(* Let $A$ be a $\mathbb{U}$-poset, $r,s\in\mathbb{I}$, $u,v\in\mathbb{U}$, $a,b,c\in A$. Then: (a) if $r\le s$ and $a\le_r b$ then $a\le_s b$; (b) $a\le_0 b$ iff $a\le b$; (c) if $a\le_r b$ and $b\le_s c$ then $a\le_{r\dotplus s}c$; (d) $\rho(a,a)=0$ and $\rho(a,b)+\rho(b,c)\ge\rho(a,c)$, so $\rho$ is a pseudoquasimetric and $\mathrm{dist}$ is a pseudometric; (e) if $u(t\dotplus r)\le v(t)\dotplus s$ for all $t\in\mathbb{I}$ and $a\le_r b$, then $u(a)\le_s v(b)$; consequently $\rho(u(a),v(a))\le\bigvee_{t\in\mathbb{I}}(u(t)\dotminus v(t))$, and if $\mu:\mathbb{I}\to\mathbb{I}$ satisfies $u(t)\dotminus u(t')\le\mu(t\dotminus t')$ for all $t,t'\in\mathbb{I}$, then $\rho(u(a),u(b))\le\mu(\rho(a,b))$ for all $a,b\in A$; (f) if $u^\times(t\dotplus r)\le v(t)\dotplus s$ for all $t\in\mathbb{I}$, where $u^\times$ is the right adjoint of $u$, and $u(a)\le_r b$, then $a\le_s v(b)$. Moreover, if $A$ is a $\mathbb{U}$-$\Psi^{\mathrm{op}}$-inflattice, then (g) for every upper subset $\psi\subseteq A$ with $\psi^{\mathrm{op}}\in\Psi$ (so $\bigwedge\psi$ exists): $a\le_r\bigwedge\psi$ iff $a\le_r b$ for all $b\in\psi$; consequently for two such $\psi,\psi'$, $\rho(\bigwedge\psi,\bigwedge\psi')\le\bigwedge_{a\in\psi}\bigvee_{b\in\psi'}\rho(a,b)$.
   Context: $\mathbb{I}=[0,1]$; $\dotplus,\dotminus$ are truncated addition and subtraction on $\mathbb{I}$. $\mathbb{U}$ is the monoid of surjective monotone maps $\mathbb{I}\to\mathbb{I}$; for $u\in\mathbb{U}$, $u^\times(y)=\max\{x\mid u(x)\le y\}$ is its right adjoint. A $\mathbb{U}$-poset is a poset with a $\mathbb{U}$-action monotone in both variables. $a\le_r b$ iff for all $u,v\in\mathbb{U}$ with $u(t\dotplus r)\le v(t)$ for all $t$, $u(a)\le v(b)$; $\rho(a,b)=\bigwedge\{r\mid a\le_r b\}$; $\mathrm{dist}(a,b)=\rho(a,b)\vee\rho(b,a)$. Standing assumption: $\Phi,\Psi$ are join doctrines (classes of posets containing the one-element poset, closed under unions $\bigcup\mathcal{S}$ of sets $\mathcal{S}$ of subposets in the class with $\mathcal{S}$ (by inclusion) in the class, under codomains of monotone maps with cofinal image, and under cofinal subposets), $\omega\in\Phi$, and $\Phi$ is sound dual to $\Psi^{\mathrm{op}}$: for all posets $X,Y$, lower sets $\phi\subseteq Y$ in $\Phi$, lower sets $\psi\subseteq X$ in $\Psi$, and monotone $F:X^{\mathrm{op}}\times Y\to2$, $\bigwedge_{x\in\psi}\bigvee_{y\in\phi}F=\bigvee_{y\in\phi}\bigwedge_{x\in\psi}F$, and for every poset $X$ the lattice of lower sets of $X$ is the closure of the lower sets in $\Psi$ under unions of subfamilies belonging to $\Phi$. A $\Psi^{\mathrm{op}}$-meet is a meet of a subset $S$ with $S^{\mathrm{op}}\in\Psi$; a $\mathbb{U}$-$\Psi^{\mathrm{op}}$-inflattice is a $\mathbb{U}$-poset with all $\Psi^{\mathrm{op}}$-meets, each $u$ acting by a $\Psi^{\mathrm{op}}$-meet-preserving map. *)

theory Defs
  imports "HOL-Analysis.Analysis"
begin

definition II :: "real set" where "II = {0..1}"

definition tplus :: "real \<Rightarrow> real \<Rightarrow> real" where "tplus r s = min 1 (r + s)"
definition tminus :: "real \<Rightarrow> real \<Rightarrow> real" where "tminus r s = max 0 (r - s)"

text \<open>Joins and meets in the complete lattice I (empty join = 0, empty meet = 1).\<close>
definition ISup :: "real set \<Rightarrow> real" where "ISup S = Sup (insert 0 S)"
definition IInf :: "real set \<Rightarrow> real" where "IInf S = Inf (insert 1 S)"

text \<open>The monoid U of surjective monotone maps I -> I, represented extensionally
  (value 0 outside I), so that maps agreeing on I are equal.\<close>
definition UU :: "(real \<Rightarrow> real) set" where
  "UU = {u. mono_on II u \<and> u ` II = II \<and> (\<forall>x. x \<notin> II \<longrightarrow> u x = 0)}"

definition uid :: "real \<Rightarrow> real" where "uid = (\<lambda>x. if x \<in> II then x else 0)"
definition ucomp :: "(real \<Rightarrow> real) \<Rightarrow> (real \<Rightarrow> real) \<Rightarrow> real \<Rightarrow> real" where
  "ucomp u v = (\<lambda>x. if x \<in> II then u (v x) else 0)"

definition uadj :: "(real \<Rightarrow> real) \<Rightarrow> real \<Rightarrow> real" where
  "uadj u y = Sup {x \<in> II. u x \<le> y}"

definition Uposet :: "((real \<Rightarrow> real) \<Rightarrow> 'a::order \<Rightarrow> 'a) \<Rightarrow> bool" where
  "Uposet act \<longleftrightarrow>
     (\<forall>a. act uid a = a) \<and>
     (\<forall>u\<in>UU. \<forall>v\<in>UU. \<forall>a. act (ucomp u v) a = act u (act v a)) \<and>
     (\<forall>u\<in>UU. \<forall>v\<in>UU. \<forall>a b. (\<forall>t\<in>II. u t \<le> v t) \<and> a \<le> b \<longrightarrow> act u a \<le> act v b)"

definition le_r :: "((real \<Rightarrow> real) \<Rightarrow> 'a::order \<Rightarrow> 'a) \<Rightarrow> real \<Rightarrow> 'a \<Rightarrow> 'a \<Rightarrow> bool" where
  "le_r act r a b \<longleftrightarrow>
     (\<forall>u\<in>UU. \<forall>v\<in>UU. (\<forall>t\<in>II. u (tplus t r) \<le> v t) \<longrightarrow> act u a \<le> act v b)"

definition rho :: "((real \<Rightarrow> real) \<Rightarrow> 'a::order \<Rightarrow> 'a) \<Rightarrow> 'a \<Rightarrow> 'a \<Rightarrow> real" where
  "rho act a b = IInf {r \<in> II. le_r act r a b}"

definition udist :: "((real \<Rightarrow> real) \<Rightarrow> 'a::order \<Rightarrow> 'a) \<Rightarrow> 'a \<Rightarrow> 'a \<Rightarrow> real" where
  "udist act a b = max (rho act a b) (rho act b a)"

definition is_meet :: "'a::order set \<Rightarrow> 'a \<Rightarrow> bool" where
  "is_meet S m \<longleftrightarrow> (\<forall>x\<in>S. m \<le> x) \<and> (\<forall>y. (\<forall>x\<in>S. y \<le> x) \<longrightarrow> y \<le> m)"

definition meet :: "'a::order set \<Rightarrow> 'a" where "meet S = (THE m. is_meet S m)"

definition upper_set :: "'a::order set \<Rightarrow> bool" where
  "upper_set S \<longleftrightarrow> (\<forall>x\<in>S. \<forall>y. x \<le> y \<longrightarrow> y \<in> S)"

text \<open>PsiOp S means: the subposet S^op belongs to the class Psi.
  A U-Psi^op-inflattice: all Psi^op-meets exist and each u preserves them.\<close>
definition U_inflattice :: "('a::order set \<Rightarrow> bool) \<Rightarrow> ((real \<Rightarrow> real) \<Rightarrow> 'a \<Rightarrow> 'a) \<Rightarrow> bool" where
  "U_inflattice PsiOp act \<longleftrightarrow> Uposet act \<and>
     (\<forall>S. PsiOp S \<longrightarrow> (\<exists>m. is_meet S m)) \<and>
     (\<forall>u\<in>UU. \<forall>S m. PsiOp S \<and> is_meet S m \<longrightarrow> is_meet (act u ` S) (act u m))"

end

theory Submission
  imports Defs
begin

(* Everything is a manipulation of the test pairs (u, v) that define a \<le>_r b. Transitivity and
  the adjunction property rest on one construction: if w \<in> U takes the value 1 at 1 - c, then
  x \<mapsto> w (x -. c) is again in U, and a test pair for r +. s factors through such a shift into a
  test pair for r followed by one for s. Acting by u and v composes test pairs with u and v.
  Since rho is an infimum, its properties follow from those of \<le>_r by approximation from above;
  the modulus bound also uses that monotone surjections of I are uniformly continuous. *)

lemma tplus_mem_II: "x \<in> II \<Longrightarrow> c \<in> II \<Longrightarrow> tplus x c \<in> II"
  by (auto simp: tplus_def II_def)

lemma tminus_mem_II: "x \<in> II \<Longrightarrow> c \<in> II \<Longrightarrow> tminus x c \<in> II"
  by (auto simp: tminus_def II_def)

lemma bdd_above_II: "S \<subseteq> II \<Longrightarrow> bdd_above S"
  by (auto simp: bdd_above_def II_def intro!: exI[of _ 1])

lemma bdd_below_II: "S \<subseteq> II \<Longrightarrow> bdd_below S"
  by (auto simp: bdd_below_def II_def intro!: exI[of _ 0])

lemma ISup_upper: "S \<subseteq> II \<Longrightarrow> x \<in> S \<Longrightarrow> x \<le> ISup S"
  unfolding ISup_def by (rule cSup_upper) (auto intro!: bdd_above_II simp: II_def)

lemma ISup_mem_II: "S \<subseteq> II \<Longrightarrow> ISup S \<in> II"
  unfolding ISup_def by (auto intro!: cSup_upper cSup_least bdd_above_II simp: II_def)

lemma IInf_lower: "S \<subseteq> II \<Longrightarrow> x \<in> S \<Longrightarrow> IInf S \<le> x"
  unfolding IInf_def by (rule cInf_lower) (auto intro!: bdd_below_II simp: II_def)

lemma IInf_greatest: "(\<And>x. x \<in> S \<Longrightarrow> y \<le> x) \<Longrightarrow> y \<le> 1 \<Longrightarrow> y \<le> IInf S"
  unfolding IInf_def by (rule cInf_greatest) auto

lemma IInf_mem_II: "S \<subseteq> II \<Longrightarrow> IInf S \<in> II"
  unfolding IInf_def by (auto intro!: cInf_lower cInf_greatest bdd_below_II simp: II_def)

lemma IInf_lessE:
  assumes "S \<subseteq> II" "IInf S < s" "s \<le> 1"
  obtains x where "x \<in> S" "x < s"
proof -
  have "\<exists>x\<in>insert 1 S. x < s"
    using assms(2) unfolding IInf_def
    by (subst cInf_less_iff[symmetric]) (use assms(1) in \<open>auto intro!: bdd_below_II simp: II_def\<close>)
  then show ?thesis using assms(3) that by auto
qed

subsection \<open>The monoid U\<close>

lemma UU_monoD: "u \<in> UU \<Longrightarrow> x \<in> II \<Longrightarrow> y \<in> II \<Longrightarrow> x \<le> y \<Longrightarrow> u x \<le> u y"
  by (auto simp: UU_def mono_on_def)

lemma UU_mem_II: "u \<in> UU \<Longrightarrow> x \<in> II \<Longrightarrow> u x \<in> II"
  by (auto simp: UU_def)

lemma UU_surjD: "u \<in> UU \<Longrightarrow> y \<in> II \<Longrightarrow> \<exists>x\<in>II. u x = y"
  unfolding UU_def by (metis (mono_tags, lifting) imageE mem_Collect_eq)

lemma UU_zero: assumes u: "u \<in> UU" shows "u 0 = 0"
proof -
  obtain x where x: "x \<in> II" "u x = 0" using UU_surjD[OF u, of 0] by (auto simp: II_def)
  have "u 0 \<le> u x" using x by (intro UU_monoD[OF u]) (auto simp: II_def)
  then show ?thesis using x UU_mem_II[OF u, of 0] by (auto simp: II_def)
qed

====

List, from the entries above, every line in which the word "else" shows up.

SOLUTION>
definition uid :: "real \<Rightarrow> real" where "uid = (\<lambda>x. if x \<in> II then x else 0)"
  "ucomp u v = (\<lambda>x. if x \<in> II then u (v x) else 0)"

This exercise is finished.